8. Let’s change our code and apply Left Outer join by modifying below section and run the application again.
joinedDF = streamDF.join(staticDF, expr("""player = name"""), "left_outer")
query = joinedDF \
.writeStream \
.outputMode("append") \
.format("console") \
.start()
9. Let’s enter 2 inputs “virat” and “finch” this time and see the output. Below is the screenshot:
We see that this time, we have received output for “finch” as well but age and name fields are null due to Left Join.
Segment 6: Windows in Spark Streaming
In an application that process real-time events, it is common to perform some set-based computation (aggregation) or other operations on subsets of events that fall within some period of time. Since the concept of time is a fundamental necessity to complex event-processing systems, it is important to have a simple way to work with the time component of query logic in the system. Below are the 2 points which we should understand in refence of time:
- Event Time : It is the time when the record is generated at the source. It is generally represented as a column in the source data set.
- Processing Time : It is the time when the record arrives at the Spark processing layer. The difference between the event time and the processing time is due to various reasons such as publishing failures, distributed system lags, network delays and other such latencies. A window is nothing but a collection of records over a specific time period. There are 2 types windows in Spark Streaming:
- Tumbling Window : No two windows overlap.
- Sliding Window : Windows may or may not overlap.
The sliding duration in the former is equal to the window duration, which ensures that no two windows are overlapping. In the latter, the window duration is always a multiple of the sliding duration, thereby causing the overlap.
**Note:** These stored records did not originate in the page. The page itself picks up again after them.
(* Let $h,v$ be permutations of $\Lambda=\{1,\dots,d\}$ and let $(\lambda_n,\epsilon_n)_{n\in\mathbb{Z}}$ be a combinatorial lift of a Sturmian sequence $\epsilon\in\{H,V\}^{\mathbb{Z}}$. Let $M$ be the minimal number of $H$'s between two consecutive $V$'s in $\epsilon$, let $(n_i)_{i\in\mathbb{Z}}$ be the increasing enumeration of the indices $n$ with $\epsilon_n=V$, and set $\mu_i=\lambda_{n_i}$, $\sigma_i=L$ if $n_{i+1}-n_i=M+1$ and $\sigma_i=R$ if $n_{i+1}-n_i=M+2$. Then the sequence $(\mu_i,\sigma_i)_{i\in\mathbb{Z}}$ is minimal.
   Context: A Sturmian sequence is a biinfinite sequence over two letters that is not eventually periodic and has exactly $n+1$ distinct subwords of each length $n$; in a Sturmian cutting sequence every block of $H$'s between consecutive $V$'s has length $M$ or $M+1$. A combinatorial lift of $\epsilon$ (a cutting sequence of a geodesic on the square torus, whose top/bottom edge is labeled $V$ and left/right edges $H$) is a sequence $(\lambda_n,\epsilon_n)$ with $\lambda_{n+1}=h(\lambda_n)$ if $\epsilon_{n+1}=H$ and $\lambda_{n+1}=v(\lambda_n)$ if $\epsilon_{n+1}=V$. A biinfinite sequence is minimal if for every finite word $w$ occurring in it there is $N$ such that every subword of length at least $N$ contains $w$. *)

theory Defs
  imports "HOL-Combinatorics.Permutations"
begin

datatype letter = H | V
datatype side = L | R

definition subwords :: "(int \<Rightarrow> 'a) \<Rightarrow> nat \<Rightarrow> 'a list set" where
  "subwords s n = {map (\<lambda>i. s (k + int i)) [0..<n] | k. True}"

definition eventually_periodic_right :: "(int \<Rightarrow> 'a) \<Rightarrow> bool" where
  "eventually_periodic_right s \<longleftrightarrow> (\<exists>p>0. \<exists>N. \<forall>n\<ge>N. s (n + p) = s n)"

definition eventually_periodic_left :: "(int \<Rightarrow> 'a) \<Rightarrow> bool" where
  "eventually_periodic_left s \<longleftrightarrow> (\<exists>p>0. \<exists>N. \<forall>n\<le>N. s (n - p) = s n)"

definition sturmian :: "(int \<Rightarrow> letter) \<Rightarrow> bool" where
  "sturmian s \<longleftrightarrow> \<not> eventually_periodic_right s \<and> \<not> eventually_periodic_left s
     \<and> (\<forall>n. card (subwords s n) = n + 1)"

definition comb_lift :: "nat \<Rightarrow> (nat \<Rightarrow> nat) \<Rightarrow> (nat \<Rightarrow> nat) \<Rightarrow> (int \<Rightarrow> letter) \<Rightarrow> (int \<Rightarrow> nat) \<Rightarrow> bool" where
  "comb_lift d h v eps lam \<longleftrightarrow> (\<forall>n. lam n \<in> {1..d}) \<and>
     (\<forall>n. lam (n + 1) = (if eps (n + 1) = H then h (lam n) else v (lam n)))"

definition occurs_at :: "'a list \<Rightarrow> (int \<Rightarrow> 'a) \<Rightarrow> int \<Rightarrow> bool" where
  "occurs_at w s k \<longleftrightarrow> (\<forall>j<length w. s (k + int j) = w ! j)"

definition minimal_seq :: "(int \<Rightarrow> 'a) \<Rightarrow> bool" where
  "minimal_seq s \<longleftrightarrow> (\<forall>w. (\<exists>k. occurs_at w s k) \<longrightarrow>
     (\<exists>N::nat. \<forall>a::int. \<forall>m::nat. m \<ge> N \<longrightarrow>
        (\<exists>k. a \<le> k \<and> k + int (length w) \<le> a + int m \<and> occurs_at w s k)))"

end

theory Submission
  imports Defs
begin

text \<open>A Sturmian sequence has exactly one right special factor of each length. Hence a long
  window in which no length-n factor has two different continuations cannot exist: such a window
  would be periodic with a period at most n + 1, and the uniqueness of right special factors
  together with aperiodicity forbids arbitrarily long windows with a fixed period. So both
  extensions of the right special factor recur with bounded gaps, and every factor follows them
  deterministically: the sequence is uniformly recurrent, i.e. minimal.

  The lift lam is the orbit of lam 0 under a cocycle with values in the finite group of
  permutations of {1..d}. Among all windows, one containing the largest number of cocycle values
  at occurrences of a word is rigid: any window carrying the same letters contains the same set
  of values. Since that window recurs, the pair sequence (lam, eps) is minimal.

  Finally, recording the letters at the successive V's together with the gap lengths is an
  induced sequence of a minimal sequence, hence minimal, and the Sturmian gaps take only the
  values M + 1 and M + 2, so (mu, sigma) is a letter-by-letter recoding of it.\<close>

section \<open>Factors, recodings and induced sequences\<close>

definition factor :: "(int \<Rightarrow> 'a) \<Rightarrow> int \<Rightarrow> nat \<Rightarrow> 'a list" where
  "factor s k n = map (\<lambda>t. s (k + int t)) [0..<n]"

lemma length_factor [simp]: "length (factor s k n) = n"
  by (simp add: factor_def)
Let’s implement the window in our code and see the results.
1. Run the below command to create a file window_functions.py:
vi window_functions.py
2. Below is the complete code. Paste it to the above created file and save it. Here, we have created a schema with activity_type, activity_time and activity_count. Also, we set a window duration of 1 day, while our sliding duration is set to 1 hour. As we are using aggregations, we have changed our output mode to Complete.
from pyspark.sql import SparkSession
from pyspark.sql.functions import *
from pyspark.sql.types import *
spark = SparkSession \
.builder \
.appName("StructuredSocketRead") \
.getOrCreate()
spark.sparkContext.setLogLevel('WARN')
mySchema = StructType().add("activity_type", "string").add("activity_time","timestamp").add("activity_count","integer")
lines = spark \
.readStream \
.schema(mySchema) \
.json("data/")
windowDF = lines.groupBy(window("activity_time","1 day","1 hour")).sum("activity_count").alias("Events_Sum").orderBy(asc("window"))
query = windowDF \
.writeStream \
.outputMode("complete") \
.format("console") \
.option("truncate", "False") \
.option("numRows",200) \
.start()
query.awaitTermination()
3. Run the below command to create a log.json file:
vi log.json
4. Paste below json text in the above file and save it. This data represents a system log where activity_type shows CPU/Memory utilization, IO or network issue. The activity_time shows timestamp of the event happened and activity_count talks about total number of events happened on a particular timestamp.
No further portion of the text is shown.